Make this recipe detox-friendly by substituting golden beet for the carrot.

2 lamb shanks at room temperature, pre-seasoned with sea salt 24 to 48 hours in advance if possible
Rendered duck fat, enough to cover the bottom of the pan
1 large red onion, cut into small dice (about 1½ cups)
1 large carrot, cut into small dice (about 1½ cups)
5 celery sticks, cut into small dice (about 1½ cups)
10 crimini mushrooms, cut into small dice (about 1½ cups)
½ teaspoon sea salt
¼ teaspoon freshly ground peppercorn
1 tablespoon curry powder
1 tablespoon dried thyme leaves, loosely packed
1 cup diced tomatoes and their juice
2 bay leaves
1 cup Le Puy lentils, soaked for several hours
2 cups bone broth
2 cloves garlic
1 organic lemon
2 to 4 tablespoons finely chopped parsley

Preheat the oven to 325°F.

Warm the duck fat in the bottom of a large, heavy cast iron Dutch oven over medium-high heat. Brown the lamb shanks on all sides. Take your time with this step and do it well to ensure a really flavorful finished dish. They should be a deep brown color before you move on to the next step.

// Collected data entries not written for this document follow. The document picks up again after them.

(* Let $A$ and $B$ be disjoint finite alphabets, and let $\rho_A$ and $\rho_B$ be equivalence relations on $A^*$ and $B^*$ respectively, each having infinitely many equivalence classes. Then the language $L(\rho_A,\rho_B)=\{u_1v_1u_2v_2 : (u_1,u_2)\in\rho_A,\ (v_1,v_2)\in\rho_B\}$ (where $u_1,u_2\in A^*$ and $v_1,v_2\in B^*$) is not context-free. *)

theory Defs
  imports Main
begin

text \<open>Context-free grammars. Nonterminals are natural numbers (any finite grammar
  can be renamed to use natural-number nonterminals); terminals are of type 't.\<close>

datatype ('n, 't) sym = NT 'n | Tm 't

type_synonym 't cfg_prods = "(nat \<times> (nat, 't) sym list) set"

definition derive1 :: "'t cfg_prods \<Rightarrow> (nat, 't) sym list \<Rightarrow> (nat, 't) sym list \<Rightarrow> bool" where
  "derive1 P u v \<longleftrightarrow>
     (\<exists>l r X \<alpha>. (X, \<alpha>) \<in> P \<and> u = l @ [NT X] @ r \<and> v = l @ \<alpha> @ r)"

definition cfg_lang :: "'t cfg_prods \<Rightarrow> nat \<Rightarrow> 't list set" where
  "cfg_lang P S = {w. (derive1 P)\<^sup>*\<^sup>* [NT S] (map Tm w)}"

definition context_free :: "'t list set \<Rightarrow> bool" where
  "context_free L \<longleftrightarrow> (\<exists>P S. finite P \<and> cfg_lang P S = L)"

definition L_rho :: "('a list \<times> 'a list) set \<Rightarrow> ('a list \<times> 'a list) set \<Rightarrow> 'a list set" where
  "L_rho \<rho>A \<rho>B = {u1 @ v1 @ u2 @ v2 | u1 u2 v1 v2. (u1, u2) \<in> \<rho>A \<and> (v1, v2) \<in> \<rho>B}"

end

theory Submission
  imports Defs "HOL-Library.Sublist"
begin

text \<open>
  Pick \<open>u\<^sub>0 \<in> A\<^sup>*\<close> and \<open>v\<^sub>0 \<in> B\<^sup>*\<close>, longer than the pumping constant, each of minimal length in
  its class; this is possible because only finitely many classes contain a short word.
  Pumping \<open>u\<^sub>0v\<^sub>0u\<^sub>0v\<^sub>0\<close> down deletes a window of length at most \<open>p\<close>, which meets at most two
  adjacent blocks, so the resulting word \<open>u\<^sub>1v\<^sub>1u\<^sub>2v\<^sub>2\<close> still contains one untouched copy of
  \<open>u\<^sub>0\<close> and of \<open>v\<^sub>0\<close> in place. As \<open>u\<^sub>1 \<sim> u\<^sub>2\<close> and \<open>v\<^sub>1 \<sim> v\<^sub>2\<close>, minimality makes all four blocks at
  least as long as before, contradicting that the word got shorter.
\<close>

section \<open>Parse trees and the pumping lemma\<close>

datatype 't ptree = Leaf 't | Node nat "'t ptree list"

fun root :: "'t ptree \<Rightarrow> (nat, 't) sym" where
  "root (Leaf a) = Tm a"
| "root (Node X ts) = NT X"

fun yield :: "'t ptree \<Rightarrow> 't list" where
  "yield (Leaf a) = [a]"
| "yield (Node X ts) = concat (map yield ts)"

fun parse_tree :: "'t cfg_prods \<Rightarrow> 't ptree \<Rightarrow> bool" where
  "parse_tree P (Leaf a) = True"
| "parse_tree P (Node X ts) = ((X, map root ts) \<in> P \<and> (\<forall>t\<in>set ts. parse_tree P t))"

fun tree_size :: "'t ptree \<Rightarrow> nat" where
  "tree_size (Leaf a) = 1"
| "tree_size (Node X ts) = Suc (sum_list (map tree_size ts))"

fun nonterminals :: "'t ptree \<Rightarrow> nat set" where
  "nonterminals (Leaf a) = {}"
| "nonterminals (Node X ts) = insert X (\<Union>t\<in>set ts. nonterminals t)"

lemma finite_nonterminals: "finite (nonterminals t)"
  by (induction t) auto

lemma nonterminals_parse_tree: "parse_tree P t \<Longrightarrow> nonterminals t \<subseteq> fst ` P"
  by (induction t) (auto, force)

lemma derives_append:
  assumes "(derive1 P)\<^sup>*\<^sup>* u1 v1" "(derive1 P)\<^sup>*\<^sup>* u2 v2"
  shows "(derive1 P)\<^sup>*\<^sup>* (u1 @ u2) (v1 @ v2)"
proof -
  have step: "derive1 P (x @ u @ y) (x @ v @ y)" if "derive1 P u v" for x u y v
    using that unfolding derive1_def by (metis append.assoc)
  have in_context: "(derive1 P)\<^sup>*\<^sup>* (x @ u @ y) (x @ v @ y)" if "(derive1 P)\<^sup>*\<^sup>* u v" for x u y v
    using that by (induction rule: rtranclp_induct) (auto intro: rtranclp.rtrancl_into_rtrancl step)
  show ?thesis
    using in_context[OF assms(1), of "[]" u2] in_context[OF assms(2), of v1 "[]"] by simp
qed

lemma derives_concat:
  "(\<And>c. c \<in> set cs \<Longrightarrow> (derive1 P)\<^sup>*\<^sup>* (f c) (g c)) \<Longrightarrow>
    (derive1 P)\<^sup>*\<^sup>* (concat (map f cs)) (concat (map g cs))"
  by (induction cs) (auto intro: derives_append)

lemma parse_tree_derives: "parse_tree P t \<Longrightarrow> (derive1 P)\<^sup>*\<^sup>* [root t] (map Tm (yield t))"
proof (induction t)
  case (Leaf a)
  then show ?case by simp
next
  case (Node X ts)
  have "(derive1 P)\<^sup>*\<^sup>* (concat (map (\<lambda>c. [root c]) ts)) (concat (map (\<lambda>c. map Tm (yield c)) ts))"
    using Node by (intro derives_concat) auto
  then have "(derive1 P)\<^sup>*\<^sup>* (map root ts) (map Tm (concat (map yield ts)))"
    by (simp add: map_concat comp_def)
  moreover have "derive1 P [NT X] (map root ts)"
    using Node.prems unfolding derive1_def by (metis append_Nil append_Nil2 parse_tree.simps(2))
  ultimately show ?case
    by (simp add: converse_rtranclp_into_rtranclp)
qed
theorem mainTheorem4:
  fixes q \<mu> \<phi>0 :: real and n :: int
  assumes hq: "q > 0" and hmu: "\<mu> > 0"
    and hlow: "- (pi/2) < \<phi>0" and hup: "\<phi>0 < pi/2"
    and hsol: "q * sin \<phi>0 = of_int n * pi - \<phi>0"
  defines "qn \<equiv> 2 * q + 2 / cos \<phi>0"
    and "\<omega>0 \<equiv> \<mu> * sin \<phi>0"
    and "\<sigma> \<equiv> 1 - (sin \<phi>0)^2 / ((2 * q + 2 / cos \<phi>0) * (cos \<phi>0)^3)"
  shows "\<exists>r>0. \<exists>\<phi> :: complex \<Rightarrow> complex.
     \<phi> analytic_on ball 0 r \<and> \<phi> 0 = of_real \<phi>0 \<and>
     (\<forall>l\<in>ball 0 r. \<phi> l \<in> stripQ \<and> F q l (\<phi> l) = 0) \<and>
     (\<forall>r'>0. \<forall>\<psi> :: complex \<Rightarrow> complex.
        (\<psi> analytic_on ball 0 r' \<and> \<psi> 0 = of_real \<phi>0 \<and>
         (\<forall>l\<in>ball 0 r'. F q l (\<psi> l) = 0))
        \<longrightarrow> (\<forall>\<^sub>F l in nhds 0. \<psi> l = \<phi> l)) \<and>
     (\<lambda>l. \<phi> l - (of_real \<phi>0 - of_real (tan \<phi>0 / qn) * l
         + of_real (tan \<phi>0) * (of_real (1 / qn^2 + q / qn^3 * (tan \<phi>0)^2)
             + \<i> / 2 * of_real (sin \<phi>0 / qn)) * l^2))
       \<in> O[at 0](\<lambda>l. l^3) \<and>
     (\<lambda>l. \<i> * of_real \<mu> * sin (\<phi> l)
         - \<i> * of_real \<omega>0 * (1 - l / of_real qn + of_real (\<sigma> / qn^2) * l^2
             + \<i> / 2 * of_real (sin \<phi>0 / qn) * l^2))
       \<in> O[at 0](\<lambda>l. l^3) \<and>
     (\<lambda>x::real. Re (\<i> * of_real \<mu> * sin (\<phi> (of_real x)))
         - (- (\<mu> * (sin \<phi>0)^2 / (2 * qn)) * x^2))
       \<in> O[at 0](\<lambda>x. x^3)"
proof -
  have cos_pos: "cos \<phi>0 > 0" using hlow hup by (intro cos_gt_zero_pi) auto
  obtain r \<phi> where branch: "solution_branch stripQ (\<lambda>z. F_exp q z - 1) (\<lambda>z. \<i> * sin z) (of_real \<phi>0) r \<phi>"
    using F_solution_branch[OF hq hlow hup hsol] by blast
  then have r: "r > 0" and hol: "\<phi> holomorphic_on ball 0 r" and p0: "\<phi> 0 = of_real \<phi>0"
    and sol: "\<forall>l\<in>ball 0 r. \<phi> l \<in> stripQ \<and> F q l (\<phi> l) = 0"
    by (auto simp: solution_branch_def F_eq_0_iff)
  have unique: "\<forall>\<^sub>F l in nhds 0. \<psi> l = \<phi> l"
    if "\<psi> analytic_on ball 0 r' \<and> \<psi> 0 = of_real \<phi>0 \<and> (\<forall>l\<in>ball 0 r'. F q l (\<psi> l) = 0)" "r' > 0"
    for r' \<psi>
    using solution_branch_unique_analytic[OF branch] that unfolding F_eq_0_iff by blast
  note a = F_branch_derivs(1)[OF hq cos_pos hsol branch, folded qn_def]
  note b = F_branch_derivs(2)[OF hq cos_pos hsol branch, folded qn_def]
  have phi_expansion: "(\<lambda>l. \<phi> l - (of_real \<phi>0 - of_real (tan \<phi>0 / qn) * l
         + of_real (tan \<phi>0) * (of_real (1 / qn^2 + q / qn^3 * (tan \<phi>0)^2)
             + \<i> / 2 * of_real (sin \<phi>0 / qn)) * l^2)) \<in> O[at 0](\<lambda>l. l^3)"
    using holomorphic_Taylor2_bigo[OF hol r] unfolding p0 a b by (simp add: algebra_simps)
  note sn = sn_expansion[OF hq cos_pos hol r p0 a[unfolded qn_def] b[unfolded qn_def], of \<mu>,
                         folded \<sigma>_def \<omega>0_def qn_def]
  have "\<phi> analytic_on ball 0 r" using hol by (simp add: analytic_on_open)
  with r p0 sol unique phi_expansion sn show ?thesis
    by blast
qed

end
lemma herz_norm_less_top_if_summable:
  fixes f :: "'a::euclidean_space \<Rightarrow> real"
  assumes q: "1 \<le> q" "q \<noteq> top"
    and terms: "\<And>k. herz_term \<alpha> p f k = ennreal (b k)" and b: "\<And>k. b k \<ge> 0"
    and vanish: "\<And>k. k > N \<Longrightarrow> b k = 0"
    and summable: "summable (\<lambda>j. b (N - int j) powr enn2real q)"
  shows "herz_norm \<alpha> p q f < top"
proof -
  define r where "r = enn2real q"
  have "(\<integral>\<^sup>+k. enn_powr (herz_term \<alpha> p f k) r \<partial>count_space UNIV) =
        (\<integral>\<^sup>+k. ennreal (b k powr r) \<partial>count_space UNIV)"
    using b by (intro nn_integral_cong) (simp add: terms enn_powr_ennreal)
  also have "\<dots> = (\<Sum>j. ennreal (b (N - int j) powr r))"
    using vanish by (intro nn_integral_count_space_int_eq_suminf) simp
  finally have "(\<integral>\<^sup>+k. enn_powr (herz_term \<alpha> p f k) r \<partial>count_space UNIV) =
                (\<Sum>j. ennreal (b (N - int j) powr r))" .
  moreover have "(\<Sum>j. ennreal (b (N - int j) powr r)) \<noteq> top"
    using summable unfolding r_def by (rule ennreal_suminf_neq_top) simp
  ultimately have "(\<integral>\<^sup>+k. enn_powr (herz_term \<alpha> p f k) r \<partial>count_space UNIV) < top"
    using top.not_eq_extremum by auto
  then show ?thesis
    unfolding herz_norm_finite_exponent[OF q] r_def[symmetric] enn_powr_less_top_iff .
qed

section \<open>Sufficiency\<close>

definition critical_alpha :: "nat \<Rightarrow> ennreal \<Rightarrow> real" where
  "critical_alpha n p = real n - real n * inv_exp p"

lemma V_set_iff_critical_alpha:
  assumes "1 \<le> p" "1 \<le> q" "n > 0"
  shows "(\<alpha>, p, q) \<in> V_set n \<longleftrightarrow> \<alpha> < critical_alpha n p \<or> (\<alpha> = critical_alpha n p \<and> q = 1)"
  using assms by (auto simp: V_set_def critical_alpha_def inv_exp_def)

lemma nn_integral_annulus_le_herz_term:
  fixes F :: "'a::euclidean_space \<Rightarrow> real"
  assumes F: "F \<in> borel_measurable lebesgue" and p: "1 \<le> p"
  shows "(\<integral>\<^sup>+x. ennreal \<bar>F x * indicator (annulus k) x\<bar> \<partial>lebesgue) \<le>
    ennreal (unit_annulus_volume TYPE('a) powr (1 - inv_exp p) *
             2 powr (real_of_int k * (critical_alpha DIM('a) p - \<alpha>))) * herz_term \<alpha> p F k"
proof -
  define c where "c = unit_annulus_volume TYPE('a)"
  define m where "m = 2 powr (real_of_int k * DIM('a)) * c"
  have c: "c > 0" using unit_annulus_volume_pos by (simp add: c_def)
  have "(\<integral>\<^sup>+x. ennreal \<bar>F x * indicator (annulus k) x\<bar> \<partial>lebesgue) \<le>
        Lp_norm p (\<lambda>x. F x * indicator (annulus k) x) * ennreal (m powr (1 - inv_exp p))"
    using c by (intro nn_integral_indicator_le_Lp_norm[OF F sets_annulus _ _ p])
      (simp_all add: emeasure_annulus m_def c_def)
  also have "m powr (1 - inv_exp p) =
      c powr (1 - inv_exp p) * 2 powr (real_of_int k * (critical_alpha DIM('a) p - \<alpha>)) *
      2 powr (real_of_int k * \<alpha>)"
    using c by (simp add: m_def critical_alpha_def powr_mult powr_powr powr_add[symmetric] algebra_simps)
  finally show ?thesis
    using c by (simp add: herz_term_def c_def ennreal_mult mult_ac)
qed

lemma nn_integral_le_suminf_annuli:
  fixes F :: "'a::euclidean_space \<Rightarrow> real"
  assumes [measurable]: "F \<in> borel_measurable lebesgue"
    and K: "\<And>x. x \<in> K \<Longrightarrow> norm x < 2 powr real_of_int k1"
  shows "(\<integral>\<^sup>+x. ennreal (\<bar>F x\<bar> * indicator K x) \<partial>lebesgue) \<le>
         (\<Sum>j. \<integral>\<^sup>+x. ennreal \<bar>F x * indicator (annulus (k1 - int j)) x\<bar> \<partial>lebesgue)"
proof -
  have "AE x in lebesgue. x \<noteq> (0::'a)"
    by (metis AE_completion AE_lborel_singleton)
  then have "AE x in lebesgue. ennreal (\<bar>F x\<bar> * indicator K x) \<le>
                 (\<Sum>j. ennreal (\<bar>F x\<bar> * indicator (annulus (k1 - int j)) x))"
  proof eventually_elim
    case (elim x)
    show ?case
    proof (cases "x \<in> K")
      case True
      then have "annulus_index x \<le> k1" using elim K by (simp add: annulus_index_le_iff)
      then show ?thesis using True elim by (simp add: suminf_annuli_below)
    qed simp
  qed
  then have "(\<integral>\<^sup>+x. ennreal (\<bar>F x\<bar> * indicator K x) \<partial>lebesgue) \<le>
             (\<integral>\<^sup>+x. (\<Sum>j. ennreal (\<bar>F x\<bar> * indicator (annulus (k1 - int j)) x)) \<partial>lebesgue)"
    by (rule nn_integral_mono_AE)
  also have "\<dots> = (\<Sum>j. \<integral>\<^sup>+x. ennreal (\<bar>F x\<bar> * indicator (annulus (k1 - int j)) x) \<partial>lebesgue)"
    by (rule nn_integral_suminf) measurable
  finally show ?thesis by (simp add: abs_mult)
qed

lemma suminf_scaled_herz_terms_less_top:
  assumes H: "herz_norm \<alpha> p q F < top" and q: "1 \<le> q" and \<delta>: "\<delta> > 0 \<or> (\<delta> = 0 \<and> q = 1)"
  shows "(\<Sum>j. ennreal (2 powr (real_of_int (k1 - int j) * \<delta>)) * herz_term \<alpha> p F (k1 - int j)) < top"
proof (cases "\<delta> > 0")
  case True
  obtain h where h: "herz_norm \<alpha> p q F = ennreal h" "h \<ge> 0"
    using H by (cases "herz_norm \<alpha> p q F") auto
  define a where "a = 2 powr (real_of_int k1 * \<delta>) * h"
  have "2 powr (real_of_int (k1 - int j) * \<delta>) = 2 powr (real_of_int k1 * \<delta>) * (2 powr (- \<delta>)) ^ j" for j
    by (simp add: powr_realpow[symmetric] powr_powr powr_add[symmetric] algebra_simps)
  then have "ennreal (2 powr (real_of_int (k1 - int j) * \<delta>)) * herz_term \<alpha> p F (k1 - int j)
             \<le> ennreal (a * (2 powr (- \<delta>)) ^ j)" for j
    using mult_left_mono[OF herz_term_le_herz_norm[OF q, of \<alpha> p F "k1 - int j"],
        of "ennreal (2 powr (real_of_int (k1 - int j) * \<delta>))"] h
    by (simp add: a_def ennreal_mult[symmetric] mult_ac)
  then have "(\<Sum>j. ennreal (2 powr (real_of_int (k1 - int j) * \<delta>)) * herz_term \<alpha> p F (k1 - int j))
             \<le> (\<Sum>j. ennreal (a * (2 powr (- \<delta>)) ^ j))"
    by (intro suminf_le) auto
  also have "\<dots> < top"
  proof -
    have "summable (\<lambda>j. a * (2 powr (- \<delta>)) ^ j)"
      using True by (intro summable_mult summable_geometric) (simp add: powr_less_one)
    then have "(\<Sum>j. ennreal (a * (2 powr (- \<delta>)) ^ j)) \<noteq> top"
      using h by (intro ennreal_suminf_neq_top) (auto simp: a_def)
    then show ?thesis by (simp add: top.not_eq_extremum)
  qed
  finally show ?thesis .
next
  case False
  then have "\<delta> = 0" "q = 1" using \<delta> by auto
  then have "(\<Sum>j. ennreal (2 powr (real_of_int (k1 - int j) * \<delta>)) * herz_term \<alpha> p F (k1 - int j))
             \<le> herz_norm \<alpha> p q F"
    by (simp add: herz_norm_1 suminf_le_nn_integral_count_space_int)
  then show ?thesis using H by (rule le_less_trans)
qed

lemma nn_integral_bounded_less_top_if_herz_norm_less_top:
  fixes F :: "'a::euclidean_space \<Rightarrow> real"
  assumes [measurable]: "F \<in> borel_measurable lebesgue" and H: "herz_norm \<alpha> p q F < top"
    and p: "1 \<le> p" and q: "1 \<le> q"
    and \<alpha>: "\<alpha> < critical_alpha DIM('a) p \<or> (\<alpha> = critical_alpha DIM('a) p \<and> q = 1)"
    and K: "bounded K"
  shows "(\<integral>\<^sup>+x. ennreal (\<bar>F x\<bar> * indicator K x) \<partial>lebesgue) < top"
proof -
  define \<delta> where "\<delta> = critical_alpha DIM('a) p - \<alpha>"
  define c where "c = unit_annulus_volume TYPE('a) powr (1 - inv_exp p)"
  obtain R where R: "\<And>x. x \<in> K \<Longrightarrow> norm x \<le> R"
    using K by (auto simp: bounded_iff)
  obtain N :: nat where N: "R < 2 ^ N" using real_arch_pow[of 2 R] by auto
  have K_ball: "norm x < 2 powr real_of_int (int N)" if "x \<in> K" for x
    using R[OF that] N by (simp add: powr_realpow)
  have "(\<integral>\<^sup>+x. ennreal (\<bar>F x\<bar> * indicator K x) \<partial>lebesgue)
        \<le> (\<Sum>j. \<integral>\<^sup>+x. ennreal \<bar>F x * indicator (annulus (int N - int j)) x\<bar> \<partial>lebesgue)"
    using K_ball by (intro nn_integral_le_suminf_annuli) auto
  also have "\<dots> \<le> (\<Sum>j. ennreal c * (ennreal (2 powr (real_of_int (int N - int j) * \<delta>)) *
                                        herz_term \<alpha> p F (int N - int j)))"
  proof (intro suminf_le)
    fix j
    show "(\<integral>\<^sup>+x. ennreal \<bar>F x * indicator (annulus (int N - int j)) x\<bar> \<partial>lebesgue) \<le>
          ennreal c * (ennreal (2 powr (real_of_int (int N - int j) * \<delta>)) * herz_term \<alpha> p F (int N - int j))"
      using nn_integral_annulus_le_herz_term[OF _ p, of F "int N - int j" \<alpha>]
      by (simp add: c_def \<delta>_def ennreal_mult mult.assoc)
  qed auto
  also have "\<dots> = ennreal c * (\<Sum>j. ennreal (2 powr (real_of_int (int N - int j) * \<delta>)) *
                                   herz_term \<alpha> p F (int N - int j))"
    by (rule ennreal_suminf_cmult)
  also have "\<dots> < top"
  proof -
    have "\<delta> > 0 \<or> (\<delta> = 0 \<and> q = 1)" using \<alpha> by (auto simp: \<delta>_def)
    then show ?thesis
      using suminf_scaled_herz_terms_less_top[OF H q, of \<delta> "int N"]
      by (simp add: ennreal_mult_less_top)
  qed
  finally show ?thesis .
qed

lemma herz_space_subset_L1_loc:
  fixes \<Omega> :: "'a::euclidean_space set"
  assumes p: "1 \<le> p" and q: "1 \<le> q"
    and \<alpha>: "\<alpha> < critical_alpha DIM('a) p \<or> (\<alpha> = critical_alpha DIM('a) p \<and> q = 1)"
  shows "herz_space \<Omega> \<alpha> p q \<subseteq> L1_loc \<Omega>"
proof (intro subsetI, unfold L1_loc_def, intro CollectI allI impI, elim conjE)
  fix f K assume f: "f \<in> herz_space \<Omega> \<alpha> p q" and K: "compact K" "K \<subseteq> \<Omega>"
  define F where "F x = indicator \<Omega> x * f x" for x
  have [measurable]: "F \<in> borel_measurable lebesgue" and H: "herz_norm \<alpha> p q F < top"
    using f by (auto simp: herz_space_def Lp_loc_punct_def F_def[abs_def])
  have [measurable]: "K \<in> sets lebesgue" using K(1) by (simp add: compact_imp_closed)
  have restrict: "indicator K x *\<^sub>R f x = indicator K x * F x" for x
    using K(2) by (auto simp: F_def indicator_def)
  have "(\<integral>\<^sup>+x. ennreal (\<bar>F x\<bar> * indicator K x) \<partial>lebesgue) < top"
    using compact_imp_bounded[OF K(1)]
    by (intro nn_integral_bounded_less_top_if_herz_norm_less_top[OF _ H p q \<alpha>]) auto
  then show "set_integrable lebesgue K f"
    unfolding set_integrable_def integrable_iff_bounded restrict by (simp add: abs_mult mult.commute)
qed

section \<open>Necessity\<close>

definition annulus_profile :: "nat \<Rightarrow> int \<Rightarrow> int \<Rightarrow> real" where
  "annulus_profile n k0 k =
     (if k \<le> k0 then 2 powr (- (real_of_int k * real n)) / real_of_int (- k) else 0)"
lemma cubically_bounded_on_cong:
  "(\<And>z. z \<in> A \<Longrightarrow> f z = g z) \<Longrightarrow> cubically_bounded_on A f \<Longrightarrow> cubically_bounded_on A g"
  unfolding cubically_bounded_on_def by simp

lemma cubically_bounded_on_monomial:
  "i + j = 3 \<Longrightarrow> cubically_bounded_on A (\<lambda>z. z^i * cnj z ^ j)"
  by (intro cubically_bounded_onI[of A _ 1]) (simp add: norm_mult norm_power flip: power_add)

lemma cubically_bounded_on_monomial_mult:
  "compact A \<Longrightarrow> continuous_on A g \<Longrightarrow> i + j = 3 \<Longrightarrow> cubically_bounded_on A (\<lambda>z. z^i * cnj z ^ j * g z)"
  using cubically_bounded_on_mult_continuous[OF _ _ cubically_bounded_on_monomial]
  by (simp add: mult.commute)

lemma local_cubic_bound_on_ball:
  fixes f :: "complex \<Rightarrow> complex"
  assumes "open S" "0 \<in> S" "\<delta> > 0" "\<And>z. z \<in> S \<Longrightarrow> cmod z < \<delta> \<Longrightarrow> cmod (f z) \<le> C * cmod z ^ 3"
  obtains \<epsilon> where "\<epsilon> > 0" "ball 0 \<epsilon> \<subseteq> S" "\<And>z. cmod z < \<epsilon> \<Longrightarrow> cmod (f z) \<le> max C 0 * cmod z ^ 3"
proof -
  obtain e where e: "e > 0" "ball 0 e \<subseteq> S"
    using assms(1,2) open_contains_ball by blast
  show ?thesis
  proof (rule that[of "min e \<delta>"])
    show "ball 0 (min e \<delta>) \<subseteq> S"
      using e(2) by (auto simp: subset_eq)
    show "cmod (f z) \<le> max C 0 * cmod z ^ 3" if "cmod z < min e \<delta>" for z
    proof -
      have "z \<in> S"
        using e(2) that by auto
      then have "cmod (f z) \<le> C * cmod z ^ 3"
        using assms(4) that by simp
      also have "\<dots> \<le> max C 0 * cmod z ^ 3"
        by (intro mult_right_mono) auto
      finally show ?thesis .
    qed
  qed (use e(1) assms(3) in simp)
qed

Once the lamb shanks are well-browned, remove them from the pan. Add the onion, carrot, celery, and mushrooms. Cook the vegetables until they start to brown. Stir in the sea salt, peppercorn, curry powder, and thyme. Continue cooking until you can smell the spices, about 1 minute more.

Add the bay leaves and lentils. Stir in the tomatoes and scrape up any brown bits on the bottom of the pot. Stir in the bone broth. Add the lamb shanks back to the pot, nestling them into the vegetable mixture.

Cover the Dutch oven tightly, transfer it to the oven, and reduce the heat to 275°F. After 1 hour, turn the lamb shanks over and stir the vegetable mixture. If it looks like it will need more moisture, stir in a splash of boiling water. Return it to the oven and cook until the lamb is very tender, about another 60 to 90 minutes, depending on the size of the shanks.

Remove the lamb shanks from the Dutch oven and cover them loosely to keep them warm. Remove the bay leaves. Grate the garlic into the vegetable mixture and stir to incorporate it thoroughly. Zest the lemon into the pot and juice half the lemon. Stir in the parsley. Taste it for seasoning and make any necessary adjustments. If you don't use the other lemon half, reserve it for another purpose.

Spoon the vegetable hash onto a serving plate and nestle the lamb shanks on top. Serve immediately.